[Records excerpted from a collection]
lemma bij_betw_step_map3_idem_triangle:
  assumes "a < b" "b < c" "c < n"
  shows "bij_betw (\<lambda>(k, l). step_map3 n a b c k l) {(k, l). a < k \<and> k \<le> l \<and> l \<le> c}
           (idem_triangle n a b c)"
  unfolding bij_betw_def
proof
  show "inj_on (\<lambda>(k, l). step_map3 n a b c k l) {(k, l). a < k \<and> k \<le> l \<and> l \<le> c}"
    by (rule inj_on_subset[OF inj_on_step_map3[OF assms(1,2)]]) (use assms in auto)
  show "(\<lambda>(k, l). step_map3 n a b c k l) ` {(k, l). a < k \<and> k \<le> l \<and> l \<le> c}
        = idem_triangle n a b c"
    using assms step_map3_in_idem_triangle[of a b c _ _ n]
    by (auto elim!: idem_triangle_obtains_step_map3)
qed

lemma bij_betw_Collect:
  assumes "bij_betw f A B"
  shows "bij_betw f {x \<in> A. P (f x)} {y \<in> B. P y}"
proof (rule bij_betw_subset[OF assms])
  have "B = f ` A"
    using assms by (simp add: bij_betw_def)
  then show "f ` {x \<in> A. P (f x)} = {y \<in> B. P y}"
    by (simp only: Compr_image_eq)
qed auto

lemma card_idem_triangle_Collect:
  assumes "a < b" "b < c" "c < n"
  shows "card {\<alpha> \<in> idem_triangle n a b c. P \<alpha>}
         = card {(k, l). a < k \<and> k \<le> l \<and> l \<le> c \<and> P (step_map3 n a b c k l)}"
proof -
  have "card {\<alpha> \<in> idem_triangle n a b c. P \<alpha>}
        = card {p \<in> {(k, l). a < k \<and> k \<le> l \<and> l \<le> c}. P (case p of (k, l) \<Rightarrow> step_map3 n a b c k l)}"
    by (rule bij_betw_same_card[OF bij_betw_Collect[OF bij_betw_step_map3_idem_triangle[OF assms]], symmetric])
  also have "{p \<in> {(k, l). a < k \<and> k \<le> l \<and> l \<le> c}. P (case p of (k, l) \<Rightarrow> step_map3 n a b c k l)}
        = {(k, l). a < k \<and> k \<le> l \<and> l \<le> c \<and> P (step_map3 n a b c k l)}"
    by auto
  finally show ?thesis .
qed

lemma finite_increasing_pairs: "finite {(k, l). u < k \<and> k \<le> l \<and> l \<le> (v::nat)}"
proof (rule finite_subset)
  show "{(k, l). u < k \<and> k \<le> l \<and> l \<le> v} \<subseteq> {..v} \<times> {..v}"
    by auto
qed simp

TASK OBJECTIVE:
Repeat every entry exactly. Nothing may be dropped.

SOLUTION:
lemma bij_betw_step_map3_idem_triangle:
  assumes "a < b" "b < c" "c < n"
  shows "bij_betw (\<lambda>(k, l). step_map3 n a b c k l) {(k, l). a < k \<and> k \<le> l \<and> l \<le> c}
           (idem_triangle n a b c)"
  unfolding bij_betw_def
proof
  show "inj_on (\<lambda>(k, l). step_map3 n a b c k l) {(k, l). a < k \<and> k \<le> l \<and> l \<le> c}"
    by (rule inj_on_subset[OF inj_on_step_map3[OF assms(1,2)]]) (use assms in auto)
  show "(\<lambda>(k, l). step_map3 n a b c k l) ` {(k, l). a < k \<and> k \<le> l \<and> l \<le> c}
        = idem_triangle n a b c"
    using assms step_map3_in_idem_triangle[of a b c _ _ n]
    by (auto elim!: idem_triangle_obtains_step_map3)
qed

lemma bij_betw_Collect:
  assumes "bij_betw f A B"
  shows "bij_betw f {x \<in> A. P (f x)} {y \<in> B. P y}"
proof (rule bij_betw_subset[OF assms])
  have "B = f ` A"
    using assms by (simp add: bij_betw_def)
  then show "f ` {x \<in> A. P (f x)} = {y \<in> B. P y}"
    by (simp only: Compr_image_eq)
qed auto

lemma card_idem_triangle_Collect:
  assumes "a < b" "b < c" "c < n"
  shows "card {\<alpha> \<in> idem_triangle n a b c. P \<alpha>}
         = card {(k, l). a < k \<and> k \<le> l \<and> l \<le> c \<and> P (step_map3 n a b c k l)}"
proof -
  have "card {\<alpha> \<in> idem_triangle n a b c. P \<alpha>}
        = card {p \<in> {(k, l). a < k \<and> k \<le> l \<and> l \<le> c}. P (case p of (k, l) \<Rightarrow> step_map3 n a b c k l)}"
    by (rule bij_betw_same_card[OF bij_betw_Collect[OF bij_betw_step_map3_idem_triangle[OF assms]], symmetric])
  also have "{p \<in> {(k, l). a < k \<and> k \<le> l \<and> l \<le> c}. P (case p of (k, l) \<Rightarrow> step_map3 n a b c k l)}
        = {(k, l). a < k \<and> k \<le> l \<and> l \<le> c \<and> P (step_map3 n a b c k l)}"
    by auto
  finally show ?thesis .
qed

lemma finite_increasing_pairs: "finite {(k, l). u < k \<and> k \<le> l \<and> l \<le> (v::nat)}"
proof (rule finite_subset)
  show "{(k, l). u < k \<and> k \<le> l \<and> l \<le> v} \<subseteq> {..v} \<times> {..v}"
    by auto
qed simp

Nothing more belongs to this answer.